Renne Sloan Holtzman Sakai, a law firm hired by the city to investigate the Community Development Department, must investigate how construction on a Nestlé water-bottling plant began in McCarty's district without building permits, how home-building permits were issued for a Natomas flood zone, when these practices began and how pervasive they are, he said.
Two weeks ago, the department's Facilities Permit Program was suspended after questions about the approval process for the plant revealed that Nestlé and contractors began construction work with verbal approval only. McCarty called the problems with the FPP and the practice of allowing construction without building permits the "second strike" against the department.

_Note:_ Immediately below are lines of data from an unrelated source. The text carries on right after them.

text \<open>Face \<open>\<tau>\<close> spanned by \<open>e_j, j \<in> J\<close>; \<open>\<real>^n/\<real>\<tau>\<close> is identified with functions on the
  remaining coordinates \<open>-J\<close>. For such \<open>y\<close>, \<open>w + \<tau>\<close> with \<open>w\<close> the representative of \<open>y\<close>
  that is \<open>0\<close> on \<open>J\<close>.\<close>
definition coset_face :: "'n set \<Rightarrow> ('n \<Rightarrow> real) \<Rightarrow> ('n \<Rightarrow> real) set" where
  "coset_face J y = {u. (\<forall>i. i \<notin> J \<longrightarrow> u i = y i) \<and> (\<forall>j\<in>J. 0 \<le> u j)}"

definition quot_restr_dim ::
  "('k::field \<Rightarrow> 'v::ab_group_add \<Rightarrow> 'v) \<Rightarrow> (('n \<Rightarrow> real) \<Rightarrow> 'v set) \<Rightarrow>
   (('n \<Rightarrow> real) \<Rightarrow> ('n \<Rightarrow> real) \<Rightarrow> 'v \<Rightarrow> 'v) \<Rightarrow> 'n set \<Rightarrow> ('n \<Rightarrow> real) \<Rightarrow> enat" where
  "quot_restr_dim s V f J y = colim_dim s V f (coset_face J y)"

definition ennreal_root :: "real \<Rightarrow> ennreal \<Rightarrow> ennreal" where
  "ennreal_root p a = (if a = top then top else ennreal (enn2real a powr (1 / p)))"

definition enat_powr :: "enat \<Rightarrow> real \<Rightarrow> ennreal" where
  "enat_powr d p = (case d of enat k \<Rightarrow> ennreal (real k powr p) | \<infinity> \<Rightarrow> top)"

definition lebesgue_on_coords :: "'n set \<Rightarrow> ('n \<Rightarrow> real) measure" where
  "lebesgue_on_coords A = completion (PiM A (\<lambda>_. lborel))"

definition Lp_amplitude :: "real \<Rightarrow> 'n set \<Rightarrow> (('n \<Rightarrow> real) \<Rightarrow> enat) \<Rightarrow> ennreal" where
  "Lp_amplitude p A d = ennreal_root p (\<integral>\<^sup>+ x. enat_powr (d x) p \<partial>lebesgue_on_coords A)"

definition hilbert_norm ::
  "real \<Rightarrow> ('k::field \<Rightarrow> 'v::ab_group_add \<Rightarrow> 'v) \<Rightarrow> (('n::finite \<Rightarrow> real) \<Rightarrow> 'v set) \<Rightarrow> ennreal" where
  "hilbert_norm p s V = Lp_amplitude p UNIV (\<lambda>x. enat (vector_space.dim s (V x)))"

definition quot_hilbert_norm ::
  "real \<Rightarrow> ('k::field \<Rightarrow> 'v::ab_group_add \<Rightarrow> 'v) \<Rightarrow> (('n::finite \<Rightarrow> real) \<Rightarrow> 'v set) \<Rightarrow>
   (('n \<Rightarrow> real) \<Rightarrow> ('n \<Rightarrow> real) \<Rightarrow> 'v \<Rightarrow> 'v) \<Rightarrow> 'n set \<Rightarrow> ennreal" where
  "quot_hilbert_norm q s V f J = Lp_amplitude q (- J) (quot_restr_dim s V f J)"

end

theory Submission
  imports Defs
begin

"We're investigating the department for wrongdoing in the Natomas Permit Program. We've asked that they look at this FPP process as well to see what was going on there as far as any wrongdoing," McCarty said. "By looking at Nestlé, we were able to bring to light some illegal activity that's been done maybe for a very long time."
The FPP is intended to speed approval for tenant improvements or renovation of commercial and industrial buildings involving businesses that do a lot of business in Sacramento and have established relationships with the city. The program may have "improved the city's relationships with developers," McCarty said, "but at what cost? At what expense to taxpayers? To residents?"
David Kwong, acting head of the Community Development Department, said last week that staff will ask the council to amend city code to allow FPP construction projects to start before building permits are issued — as long as a business has a written start-work authorization from the building division. The longtime practice, which predates the program, helped bring about the suspension of the FPP two weeks ago.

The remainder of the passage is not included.